Они пересекли улицу и вошли в кондитерскую. Как красиво! Мебель обтянута красным бархатом, на стенах – большие зеркала в позолоченных рамах. Официантки одеты в белые блузки, черные юбки и кружевные передники.
Девочкам повезло – у окна только что освободился столик. Официантка поспешила убрать пустые чашки и блюдца.
– Хочешь горячего шоколада?
– Хочу.
– А пирожное?
– Да.
Нелли выбрала пирожное со взбитыми сливками и зеленым марципаном. Штеффи заказала себе чашку кофе и шоколадный бисквит.
Настоящие взбитые сливки. Нелли держала их во рту, а они таяли. Нежные сливки, горьковатый шоколад и сладкий марципан – чудесный вкус.
На какое-то время Нелли почти забыла о вернисаже. Но едва она слизнула остатки сливок, как у нее заныло под ложечкой.

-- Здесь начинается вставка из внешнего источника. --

lemma graph_cyclic_succ_cut:
  assumes bij: "bij_betw \<phi> (box bs) {1..int N}"
    and j: "j < length bs" "3 \<le> bs!j"
    and x: "x \<in> box bs" "x' \<in> box bs"
    and same_diff: "(\<phi> (cyclic_succ bs j x) - \<phi> x) mod int N
                      = (\<phi> (cyclic_succ bs j x') - \<phi> x') mod int N"
    and i: "i < length (bs @ [N])"
  shows "\<exists>c. rep c (int ((bs @ [N])!i)) ((cyclic_succ bs j x @ [\<phi> (cyclic_succ bs j x)]) ! i)
                - rep c (int ((bs @ [N])!i)) ((x @ [\<phi> x]) ! i)
           = rep c (int ((bs @ [N])!i)) ((cyclic_succ bs j x' @ [\<phi> (cyclic_succ bs j x')]) ! i)
                - rep c (int ((bs @ [N])!i)) ((x' @ [\<phi> x']) ! i)"
proof -
  let ?s = "cyclic_succ bs j"
  have sx: "?s x \<in> box bs" "?s x' \<in> box bs"
    using x j by (simp_all add: cyclic_succ_in_box)
  have len: "length x = length bs" "length x' = length bs"
    using x by (simp_all add: box_def)
  have range: "\<phi> y \<in> {1..int N}" if "y \<in> box bs" for y
    using bij that by (auto dest: bij_betwE)
  have inj: "\<phi> y = \<phi> z \<Longrightarrow> y \<in> box bs \<Longrightarrow> z \<in> box bs \<Longrightarrow> y = z" for y z
    using bij by (auto simp: bij_betw_def inj_on_def)
  have N: "0 < int N" using range[OF x(1)] by simp
  have no_swap: "\<not> (\<phi> x' mod int N = \<phi> (?s x) mod int N \<and> \<phi> (?s x') mod int N = \<phi> x mod int N)"
  proof
    assume "\<phi> x' mod int N = \<phi> (?s x) mod int N \<and> \<phi> (?s x') mod int N = \<phi> x mod int N"
    then have "\<phi> x' = \<phi> (?s x)" "\<phi> (?s x') = \<phi> x"
      using eq_if_mod_eq_in_range range x sx by (meson atLeastAtMost_iff)+
    then have "x' = ?s x" "?s x' = x"
      using inj x sx by blast+
    then show False
      using cyclic_succ_twice_ne[OF x(1) j] by simp
  qed
  from i consider "i < length bs" | "i = length bs" by fastforce
  then show ?thesis
  proof cases
    case 1
    then show ?thesis
      using cyclic_succ_cut[OF x j 1] len by (simp add: nth_append)
  next
    case 2
    then show ?thesis
      using ex_rep_diff_eq[OF N same_diff no_swap] len by (simp add: nth_append)
  qed
qed

lemma perm_array_window_repeated_diff:
  assumes bij: "bij_betw \<phi> (box bs) {1..int N}"
    and j: "j < length bs" "3 \<le> bs!j"
    and x: "x \<in> box bs" "x' \<in> box bs" "x \<noteq> x'"
    and same_diff: "(\<phi> (cyclic_succ bs j x) - \<phi> x) mod int N
                      = (\<phi> (cyclic_succ bs j x') - \<phi> x') mod int N"
  shows "\<exists>k. length k = length (bs @ [N])
               \<and> has_repeated_diff (window_dots (bs @ [N]) (perm_array (bs @ [N]) \<phi>) k)"
proof -
  let ?s = "cyclic_succ bs j"
  have "2 \<le> bs!j" using j by simp
  then have ne: "x @ [\<phi> x] \<noteq> ?s x @ [\<phi> (?s x)]" "x' @ [\<phi> x'] \<noteq> ?s x' @ [\<phi> (?s x')]"
    using cyclic_succ_ne[OF x(1) j(1)] cyclic_succ_ne[OF x(2) j(1)] by auto
  have pairs_ne: "(x @ [\<phi> x], ?s x @ [\<phi> (?s x)]) \<noteq> (x' @ [\<phi> x'], ?s x' @ [\<phi> (?s x')])"
    using x(3) by simp
  have sx: "?s x \<in> box bs" "?s x' \<in> box bs"
    using x j by (simp_all add: cyclic_succ_in_box)
  note dot = perm_array_graph_dot[OF bij]
  show ?thesis
    by (rule ex_window_repeated_diff[OF dot(1)[OF x(1)] dot(1)[OF sx(1)] dot(1)[OF x(2)]
          dot(1)[OF sx(2)] dot(2)[OF x(1)] dot(2)[OF sx(1)] dot(2)[OF x(2)] dot(2)[OF sx(2)]
          ne pairs_ne])
      (use graph_cyclic_succ_cut[OF bij j x(1,2) same_diff] in blast)
qed

lemma even_prod_list_iff:
  "even (prod_list xs) \<longleftrightarrow> (\<exists>x\<in>set xs. even (x :: 'a :: semiring_parity))"
  by (induction xs) auto

lemma theta_ge_half:
  assumes "j < length ns - 1" "ns!j = 2" "\<forall>i<length ns - 1. 1 \<le> ns!i"
  shows "1/2 \<le> theta ns"
proof -
  define E where "E = {i. i < length ns - 1 \<and> even (ns!i)}"
  define g where "g i = (real (ns!i) - 1) / real (ns!i)" for i
  have "j \<in> E" "finite E" using assms(1,2) by (simp_all add: E_def)
  have g: "0 \<le> g i" "g i \<le> 1" if "i \<in> E" for i
    using that assms(3) by (auto simp: E_def g_def divide_simps)
  have "prod g E = g j * prod g (E - {j})"
    using \<open>j \<in> E\<close> \<open>finite E\<close> by (simp add: prod.remove)
  also have "\<dots> \<le> g j"
    using g \<open>j \<in> E\<close> by (intro mult_left_le prod_le_1) auto
  also have "g j = 1/2" using assms(2) by (simp add: g_def)
  finally show ?thesis
    unfolding theta_def E_def[symmetric] g_def[symmetric] by simp
qed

– Штеффи, – сказала она, – как думаешь, Карита очень рассердилась?
– Рассердилась ли она? Какое тебе дело до нее? Она так с тобой обошлась!
– Светлая картина красивая, – пробормотала Нелли.
– А вторая?
– Все равно, ты зря раскричалась. Все смотрели на нас.
– Ну и что?
Глядя на выражение лица Нелли, Штеффи сменила тон.
– Прости, Нелли. Мне и правда не стоило кричать. Но я просто взбесилась! Я хотела тебя защитить.
Нелли кивнула.
– Знаю. Я не сержусь на тебя.
– Хочешь переночевать в городе? Я позвоню тете Альме и скажу, что ты останешься у меня.
Нелли с радостью осталась бы у сестры. Но она знала, что утром Штеффи переезжает. Это был ее последний вечер в семье Карлсон. Наверняка они хотели провести его вместе.
Она покачала головой.
– Я поеду домой. Проводишь меня на пароход?
– Само собой. У нас есть еще два часа. Можем погулять или сходить в кино, если есть дневной сеанс.
– В кино?
В голосе Нелли прозвучал ужас. Пятидесятники запрещают кино.
– Извини, – сказала Штеффи. – Я забыла. Не будем понапрасну гневить Бога. Лучше прогуляемся. Погода чудесная.
Они вышли из кондитерской: небо было безоблачно, солнце припекало. Сестры отправились по Авеню к площади Гёта.
– Тут праздновали окончание войны, – сказала Нелли. – Я помню.
– Да, – ответила Штеффи. – Сегодня исполняется ровно шесть лет с того дня, как началась война.
– Сегодня?
– Да.
– Если бы войны не было, – спросила Нелли, – интересно, как сложилась бы наша судьба?
– Мама осталась бы жива.
Нелли почувствовала, что настал удачный момент для вопроса.
– Штеффи, а папа тоже умер?
– Не знаю, – ответила та. – Я не знаю, Нелли. Но никто не смог его разыскать.
– Тогда он, скорее всего, умер.
Штеффи не ответила. Она взяла руку Нелли и сжала в своей ладони.
– Поехали куда-нибудь, – предложила старшая сестра. – Например, в Слоттскуген.
Они вышли из трамвая и по дорожке пересекли широкий газон. У подножия холма, на вершине которого находится пруд с тюленями, торговали воздушными шарами и ветряными вертушками.
– Хочешь вертушку?
Нелли помотала головой. Она уже взрослая.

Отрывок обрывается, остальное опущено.